Answer: (The TukeyHSD results for CLASS show a consistent decreasing trend in L_RATIO as the age class increases from A1 to A5, with all pairwise comparisons involving A1 showing statistically significant differences. This suggests that L_RATIO tends to decrease with higher age classes, indicating potential biological differences in shell measurements across age groups. For SEX, significant differences are found between females (F) and immatures (I) as well as between immatures (I) and males (M), while the difference between males and females is not significant (p = 0.85). This lack of significant difference between male and female abalones suggests that these two groups might have similar L_RATIO values. However, because immatures differ significantly from both males and females, combining all three into a single category labeled ‘adults’ would overlook the distinct L_RATIO profile of immatures, indicating that this categorization would not be appropriate.)

#### Section 3: (10 points) ####

(3)(a1) Here, we will combine “M” and “F” into a new level, “ADULT”. The code for doing this is given to you. For (3)(a1), all you need to do is execute the code as given.

## 
## ADULT     I 
##   707   329

(3)(a2) Present side-by-side histograms of VOLUME. One should display infant volumes and, the other, adult volumes.

Essay Question: Compare the histograms. How do the distributions differ?
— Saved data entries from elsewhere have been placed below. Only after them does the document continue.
(* The map $L\mapsto\Psi_L$ restricts to a $\Lambda$-module isomorphism $T^r(V^* )^{\mathrm{OSp}(V)}\xrightarrow{\sim}\Gamma_r^{\mathrm{OSp}(V)}$, where $T^r(V^* )^{\mathrm{OSp}(V)}$ is the set of $\mathrm{OSp}(V)$-invariants of $T^r(V^* )$ and $\Gamma_r^{\mathrm{OSp}(V)}$ is the set of elements of $\Gamma_r$ fixed by $\hat L_g$ for all $g\in\mathrm{OSp}(V)$.
   Context: $\Lambda=\varinjlim\wedge(\mathbb{C}^N)$ is the infinite Grassmann algebra ($\mathbb{Z}_2$-graded, supercommutative; modules are $\mathbb{Z}_2$-graded with $\lambda v=(-1)^{[\lambda][v]}v\lambda$). $V_{\mathbb{C}}$ is a complex superspace of superdimension $(m|2n)$ with nondegenerate even supersymmetric form, $V=V_{\mathbb{C}}\otimes\Lambda$ with the $\Lambda$-bilinearly extended form, $\mathrm{GL}(V)$ the group of invertible even $\Lambda$-linear endomorphisms of $V$, $\mathrm{OSp}(V)$ the subgroup preserving the form, $\mathbf{E}=\mathrm{End}_\Lambda(V)_{\bar0}$. $V^*=\mathrm{Hom}_\Lambda(V,\Lambda)$ with $(g\bar v)(w)=\bar v(g^{-1}w)$; $T^r(V^* )=(V^* )^{\otimes_\Lambda r}$ with diagonal action $\rho_r^*$, identified with $T^r(V)^*$ via the sign-twisted pairing $\gamma(\bar v_1\otimes\cdots\otimes\bar v_r\otimes w_1\otimes\cdots\otimes w_r)=(-1)^J\prod_i\bar v_i(w_i)$, $J=\sum_\mu[w_\mu]([\bar v_{\mu+1}]+\cdots+[\bar v_r])$. $\mathcal{P}^r[\mathbf{E}]$ is the space of polynomial functions of degree $r$ on $\mathbf{E}=(\mathrm{End}_{\mathbb{C}}(V_{\mathbb{C}})\otimes\Lambda)_{\bar0}$ (in coordinates $\sum_k b_k\lambda_k$ w.r.t. a homogeneous basis $b_k$ of $\mathrm{End}_{\mathbb{C}}(V_{\mathbb{C}})$: $\Lambda$-linear combinations of degree-$r$ monomials in the $\lambda_k$). $\Psi_L(X,w)=L(Xw_1\otimes\cdots\otimes Xw_r)$ for $w=w_1\otimes\cdots\otimes w_r$. $\hat L_g=L_g\otimes\mathrm{id}$ with $(L_gf)(X)=f(g^{-1}X)$; $\hat R_g=R_g\otimes\rho_r^*(g)$ with $(R_gf)(X)=f(Xg)$. $\Gamma_r=(\mathcal{P}^r[\mathbf{E}]\otimes_\Lambda T^r(V^* ))^{\hat R(\mathrm{GL}(V))}$. *)

theory Defs
  imports Complex_Main
begin

section \<open>The infinite Grassmann algebra Lambda\<close>

text \<open>An element of Lambda is a finite complex combination of monomials xi_S
 (S a finite set of generator indices, product taken in increasing order).
 Represented as a coefficient function on sets; the carrier picks out the
 genuine elements.\<close>

type_synonym grass = "nat set \<Rightarrow> complex"
type_synonym vec = "nat \<Rightarrow> grass"
type_synonym mat = "nat \<Rightarrow> nat \<Rightarrow> grass"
Are there going to be any difficulties separating infants from adults based on VOLUME?

Answer: (I think the histograms show that the volume distributions for infants and adults differ significantly. The distribution for adults is more spread out, with a peak around 400-500 and values extending up to 1000, indicating a wider range of volumes among adult abalones. In contrast, the distribution for infants is more concentrated, with a peak around 200 and very few values exceeding 500. This difference suggests that, in general, infants tend to have lower volumes compared to adults. However, there is some overlap between the higher volumes of infants and the lower volumes of adults, which may make it challenging to separate infants from adults solely based on volume. Therefore, while volume can provide some indication, it may not be a fully reliable metric for distinguishing between infants and adults.)
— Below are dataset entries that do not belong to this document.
lemma perfect_matching_Un:
  assumes M: "perfect_matching (V - S) (del_verts_E E S) M"
    and N: "perfect_matching S E N" and N_inside: "\<And>e. e \<in> N \<Longrightarrow> e \<subseteq> S"
  shows "perfect_matching V E (M \<union> N)"
  unfolding perfect_matching_def
proof (intro conjI ballI)
  show "M \<union> N \<subseteq> E"
    using M N unfolding perfect_matching_def del_verts_E_def by blast
  have M_outside: "e \<inter> S = {}" if "e \<in> M" for e
    using M that unfolding perfect_matching_def del_verts_E_def by blast
  fix v assume "v \<in> V"
  show "\<exists>!e. e \<in> M \<union> N \<and> v \<in> e"
  proof (cases "v \<in> S")
    case True
    then obtain e where "e \<in> N" "v \<in> e" "\<And>e'. e' \<in> N \<Longrightarrow> v \<in> e' \<Longrightarrow> e' = e"
      using N unfolding perfect_matching_def by metis
    then show ?thesis
      using M_outside True by blast
  next
    case False
    then obtain e where "e \<in> M" "v \<in> e" "\<And>e'. e' \<in> M \<Longrightarrow> v \<in> e' \<Longrightarrow> e' = e"
      using M \<open>v \<in> V\<close> unfolding perfect_matching_def by (metis Diff_iff)
    then show ?thesis
      using N_inside False by blast
  qed
qed

lemma prism_E_cases [consumes 1, case_names cycle rung]:
  assumes "e \<in> prism_E k"
  obtains (cycle) b j where "j < 2*k+1" "e = {(b, j), (b, (j + 1) mod (2*k+1))}"
    | (rung) j where "j < 2*k+1" "e = {(False, j), (True, j)}"
  using assms unfolding prism_E_def by blast

lemma prism_cycle_edge: "j < 2*k+1 \<Longrightarrow> {(b, j), (b, (j + 1) mod (2*k+1))} \<in> prism_E k"
  unfolding prism_E_def by blast

lemma prism_rung: "j < 2*k+1 \<Longrightarrow> {(False, j), (True, j)} \<in> prism_E k"
  unfolding prism_E_def by blast

lemma prism_succ_neq: "1 \<le> k \<Longrightarrow> (i::nat) < 2*k+1 \<Longrightarrow> (i + 1) mod (2*k+1) \<noteq> i"
  by (cases "i = 2*k") auto

lemma prism_pred_succ:
  assumes "(j::nat) < 2*k+1"
  shows "((j + 1) mod (2*k+1) + 2*k) mod (2*k+1) = j"
proof -
  have "((j + 1) mod (2*k+1) + 2*k) mod (2*k+1) = (j + 1 + 2*k) mod (2*k+1)"
    by (rule mod_add_left_eq)
  also have "j + 1 + 2*k = j + (2*k+1)"
    by simp
  also have "(j + (2*k+1)) mod (2*k+1) = j"
    using assms by (metis mod_add_self2 mod_less)
  finally show ?thesis .
qed

lemma prism_neighbour:
  assumes "{(b, i), u} \<in> prism_E k"
  shows "u = (b, (i + 1) mod (2*k+1)) \<or> u = (b, (i + 2*k) mod (2*k+1)) \<or> u = (\<not> b, i)"
  using assms
proof (cases rule: prism_E_cases)
  case (cycle c j)
  then consider "(b, i) = (c, j)" "u = (c, (j + 1) mod (2*k+1))"
    | "(b, i) = (c, (j + 1) mod (2*k+1))" "u = (c, j)"
    by (auto simp: doubleton_eq_iff)
  then show ?thesis
    by cases (use cycle(1) prism_pred_succ in auto)
next
  case (rung j)
  then show ?thesis
    by (cases b) (auto simp: doubleton_eq_iff)
qed

lemma simple_graph_prism:
  assumes "1 \<le> k"
  shows "simple_graph (prism_V k) (prism_E k)"
  unfolding simple_graph_def
proof (intro conjI ballI)
  show "finite (prism_V k)"
    unfolding prism_V_def by simp
  fix e assume "e \<in> prism_E k"
  then show "\<exists>u v. e = {u, v} \<and> u \<noteq> v \<and> u \<in> prism_V k \<and> v \<in> prism_V k"
  proof (cases rule: prism_E_cases)
    case (cycle b j)
    then show ?thesis
      using prism_succ_neq[OF assms cycle(1)] unfolding prism_V_def
      by (intro exI[of _ "(b, j)"] exI[of _ "(b, (j + 1) mod (2*k+1))"]) simp
  next
    case (rung j)
    then show ?thesis
      unfolding prism_V_def by blast
  qed
qed

lemma prism_reachable_from_origin:
  assumes "i < 2*k+1"
  shows "(\<lambda>x y. {x, y} \<in> prism_E k)\<^sup>*\<^sup>* (False, 0) (b, i)"
  using assms
proof (induction i)
  case 0
  then show ?case
    using prism_rung[of 0 k] by (cases b) auto
next
  case (Suc i)
  then have "{(b, i), (b, Suc i)} \<in> prism_E k"
    using prism_cycle_edge[of i k b] by simp
  with Suc show ?case
    by (simp add: rtranclp.rtrancl_into_rtrancl)
qed

lemma graph_connected_prism: "graph_connected (prism_V k) (prism_E k)"
  unfolding graph_connected_def
proof (intro ballI)
  let ?R = "\<lambda>x y. {x, y} \<in> prism_E k"
  have "symp ?R"
    by (auto intro: sympI simp: insert_commute)
  then have sym: "?R\<^sup>*\<^sup>* x y \<Longrightarrow> ?R\<^sup>*\<^sup>* y x" for x y
    by (meson symp_rtranclp sympD)
  fix u v assume "u \<in> prism_V k" "v \<in> prism_V k"
  then obtain b i c j where "u = (b, i)" "v = (c, j)" "i < 2*k+1" "j < 2*k+1"
    unfolding prism_V_def by auto
  then have "?R\<^sup>*\<^sup>* u (False, 0)" "?R\<^sup>*\<^sup>* (False, 0) v"
    using sym prism_reachable_from_origin by auto
  then show "?R\<^sup>*\<^sup>* u v"
    by (rule rtranclp_trans)
qed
(3)(b) Create a scatterplot of SHUCK versus VOLUME and a scatterplot of their base ten logarithms, labeling the variables as L_SHUCK and L_VOLUME. Please be aware the variables, L_SHUCK and L_VOLUME, present the data as orders of magnitude (i.e. VOLUME = 100 = 10^2 becomes L_VOLUME = 2). Use color to differentiate CLASS in the plots. Repeat using color to differentiate by TYPE.
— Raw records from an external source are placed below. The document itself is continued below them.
(* Let $(V,h)$ be a real quadratic space of odd dimension $d$ and let $\gamma^+,\gamma^-:\mathrm{Cl}(V,h)\to\mathrm{End}_\mathbb{C}(S)$ be the Pauli representations. Then $\gamma^+$ and $\gamma^-$ are weakly-faithful, and they are isomorphic in the category $\mathrm{\mathbb{C}lRep}_w$.
   Context: $(V,h)$: finite-dimensional real vector space with non-degenerate symmetric bilinear form of signature $(p,q)$, $d=p+q$; $\mathrm{Cl}(V,h)$ its real Clifford algebra and $\mathbb{C}\mathrm{l}(V,h)=\mathrm{Cl}(V,h)\otimes_\mathbb{R}\mathbb{C}$. For $d$ odd, fix an orientation of $V$ and let $\nu\in\mathrm{Cl}(V,h)$ be the corresponding Clifford volume element; it is central with $\nu^2=\sigma_{p,q}=(-1)^{(p-q-1)/2}$. Let $\nu_\mathbb{C}=\lambda\nu$ with $\lambda^2=\sigma_{p,q}$, so $\nu_\mathbb{C}$ is central in $\mathbb{C}\mathrm{l}(V,h)$ and $\nu_\mathbb{C}^2=1$. The Pauli representations are the two irreducible complex-algebra representations $\gamma^\pm_\mathbb{C}:\mathbb{C}\mathrm{l}(V,h)\to\mathrm{End}_\mathbb{C}(S)$ (with $\dim_\mathbb{C}S=2^{(d-1)/2}$) characterized by $\gamma^\pm_\mathbb{C}(\nu_\mathbb{C})=\pm\mathrm{id}_S$, restricted to $\mathrm{Cl}(V,h)$: $\gamma^\pm=\gamma^\pm_\mathbb{C}|_{\mathrm{Cl}(V,h)}$. A complex Clifford representation (unital real-algebra morphism $\mathrm{Cl}(V,h)\to\mathrm{End}_\mathbb{C}(S)$) is weakly-faithful if its restriction to $V$ is injective. $\mathrm{\mathbb{C}lRep}_w$ is the category whose objects are weakly-faithful complex Clifford representations (of arbitrary quadratic spaces) and whose morphisms $\gamma\to\gamma'$ are pairs $(\varphi_0,\varphi)$ of an isometry $\varphi_0:(V,h)\to(V',h')$ and a $\mathbb{C}$-linear map $\varphi:S\to S'$ with $\gamma'(\mathrm{Cl}(\varphi_0)(x))\circ\varphi=\varphi\circ\gamma(x)$ for all $x\in\mathrm{Cl}(V,h)$, where $\mathrm{Cl}(\varphi_0)$ is the algebra morphism extending $\varphi_0$. *)

theory Defs
  imports "HOL-Analysis.Analysis"
begin

text \<open>The quadratic space (V,h): V is a finite-dimensional real vector space (a type of
class euclidean_space; its inner product is NOT used), h a symmetric bilinear form.\<close>

definition quadratic_space :: "('v::euclidean_space \<Rightarrow> 'v \<Rightarrow> real) \<Rightarrow> bool" where
  "quadratic_space h \<longleftrightarrow> bilinear h \<and> (\<forall>x y. h x y = h y x) \<and>
     (\<forall>x. (\<forall>y. h x y = 0) \<longrightarrow> x = 0)"

text \<open>An ordered h-orthonormal basis; it fixes the orientation of V.\<close>

definition orthonormal_basis :: "('v::euclidean_space \<Rightarrow> 'v \<Rightarrow> real) \<Rightarrow> 'v list \<Rightarrow> bool" where
  "orthonormal_basis h es \<longleftrightarrow> length es = DIM('v) \<and>
     (\<forall>i<length es. \<forall>j<length es. i \<noteq> j \<longrightarrow> h (es ! i) (es ! j) = 0) \<and>
     (\<forall>i<length es. h (es ! i) (es ! i) = 1 \<or> h (es ! i) (es ! i) = -1)"

definition sig_p :: "('v \<Rightarrow> 'v \<Rightarrow> real) \<Rightarrow> 'v list \<Rightarrow> nat" where
  "sig_p h es = card {i. i < length es \<and> h (es ! i) (es ! i) = 1}"

definition sig_q :: "('v \<Rightarrow> 'v \<Rightarrow> real) \<Rightarrow> 'v list \<Rightarrow> nat" where
  "sig_q h es = card {i. i < length es \<and> h (es ! i) (es ! i) = -1}"

definition sigma_pq :: "('v \<Rightarrow> 'v \<Rightarrow> real) \<Rightarrow> 'v list \<Rightarrow> real" where
  "sigma_pq h es = (-1) powi ((int (sig_p h es) - int (sig_q h es) - 1) div 2)"

text \<open>A unital real-algebra morphism
Cl(V,h) -> End_C(S) is (by the universal property of the Clifford algebra) the same as
its restriction to V: a real-linear map gamma with gamma(v)^2 = h(v,v) id.
We represent Clifford representations by this restriction.\<close>

definition clifford_rep :: "('v::euclidean_space \<Rightarrow> 'v \<Rightarrow> real) \<Rightarrow> ('v \<Rightarrow> complex^'n^'n) \<Rightarrow> bool" where
  "clifford_rep h \<gamma> \<longleftrightarrow> linear \<gamma> \<and> (\<forall>v. \<gamma> v ** \<gamma> v = mat (complex_of_real (h v v)))"

definition weakly_faithful :: "('v::euclidean_space \<Rightarrow> complex^'n^'n) \<Rightarrow> bool" where
  "weakly_faithful \<gamma> \<longleftrightarrow> inj \<gamma>"

definition vol_image :: "('v \<Rightarrow> complex^'n^'n) \<Rightarrow> 'v list \<Rightarrow> complex^'n^'n" where
  "vol_image \<gamma> es = foldr (\<lambda>e M. \<gamma> e ** M) es (mat 1)"

text \<open>Complex subspaces of S invariant under the representation (the complexified
representation is generated over C by gamma(V)); irreducibility.\<close>

definition invariant_csubspace :: "('v \<Rightarrow> complex^'n^'n) \<Rightarrow> (complex^'n) set \<Rightarrow> bool" where
  "invariant_csubspace \<gamma> W \<longleftrightarrow> 0 \<in> W \<and> (\<forall>x\<in>W. \<forall>y\<in>W. x + y \<in> W) \<and>
     (\<forall>c. \<forall>x\<in>W. c *s x \<in> W) \<and> (\<forall>v. \<forall>x\<in>W. \<gamma> v *v x \<in> W)"

definition irreducible_rep :: "('v \<Rightarrow> complex^'n^'n) \<Rightarrow> bool" where
  "irreducible_rep \<gamma> \<longleftrightarrow> (\<forall>W. invariant_csubspace \<gamma> W \<longrightarrow> W = {0} \<or> W = UNIV)"

text \<open>Pauli representation with sign s (s = 1 for gamma^+, s = -1 for gamma^-), with
nu_C = lam * nu, lam^2 = sigma_{p,q}: irreducible, dim S = 2^((d-1)/2), and
gamma_C(nu_C) = s id.\<close>

definition pauli_rep :: "('v::euclidean_space \<Rightarrow> 'v \<Rightarrow> real) \<Rightarrow> 'v list \<Rightarrow> complex \<Rightarrow> complex
     \<Rightarrow> ('v \<Rightarrow> complex^'n^'n) \<Rightarrow> bool" where
  "pauli_rep h es lam s \<gamma> \<longleftrightarrow> clifford_rep h \<gamma> \<and> irreducible_rep \<gamma> \<and>
     CARD('n) = 2 ^ ((DIM('v) - 1) div 2) \<and>
     mat lam ** vol_image \<gamma> es = mat s"

definition isometry :: "('v::euclidean_space \<Rightarrow> 'v \<Rightarrow> real) \<Rightarrow> ('w::euclidean_space \<Rightarrow> 'w \<Rightarrow> real)
     \<Rightarrow> ('v \<Rightarrow> 'w) \<Rightarrow> bool" where
  "isometry h h' f \<longleftrightarrow> linear f \<and> (\<forall>x y. h' (f x) (f y) = h x y)"

text \<open>Morphisms (phi0, phi): the intertwining condition on all of Cl(V,h) is equivalent to
the condition on the generators V, since Cl(phi0) is the algebra morphism extending phi0.\<close>

definition clrep_mor :: "('v::euclidean_space \<Rightarrow> 'v \<Rightarrow> real) \<Rightarrow> ('v \<Rightarrow> complex^'n^'n)
     \<Rightarrow> ('w::euclidean_space \<Rightarrow> 'w \<Rightarrow> real) \<Rightarrow> ('w \<Rightarrow> complex^'m^'m)
     \<Rightarrow> ('v \<Rightarrow> 'w) \<Rightarrow> complex^'n^'m \<Rightarrow> bool" where
  "clrep_mor h \<gamma> h' \<gamma>' f0 f \<longleftrightarrow>
     quadratic_space h \<and> quadratic_space h' \<and>
     clifford_rep h \<gamma> \<and> weakly_faithful \<gamma> \<and> clifford_rep h' \<gamma>' \<and> weakly_faithful \<gamma>' \<and>
     isometry h h' f0 \<and> (\<forall>v. \<gamma>' (f0 v) ** f = f ** \<gamma> v)"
Additional Essay Question: Compare the two scatterplots. What effect(s) does log-transformation appear to have on the variability present in the plot? What are the implications for linear regression analysis? Where do the various CLASS levels appear in the plots? Where do the levels of TYPE appear in the plots?

Answer: (I feel like the log-transformation of SHUCK and VOLUME reduces the spread of the data, making it more linear and compact. In the original scale, there is a wide range of variability, especially for larger values of VOLUME, where points are more dispersed. After log-transformation, this variability is reduced, leading to a more even distribution of points along a linear trend, which is beneficial for linear regression analysis as it stabilizes variance and meets the assumption of homoscedasticity (constant variance). Regarding CLASS, lower age classes (e.g., A1) are positioned towards the lower end of both VOLUME and SHUCK, while higher classes (e.g., A5) have larger values and are more spread out in the original scale. For TYPE, infants (I) are clustered towards the lower end of both VOLUME and SHUCK, whereas adults (ADULT) are distributed across a broader range, though log-transformation reduces this spread.)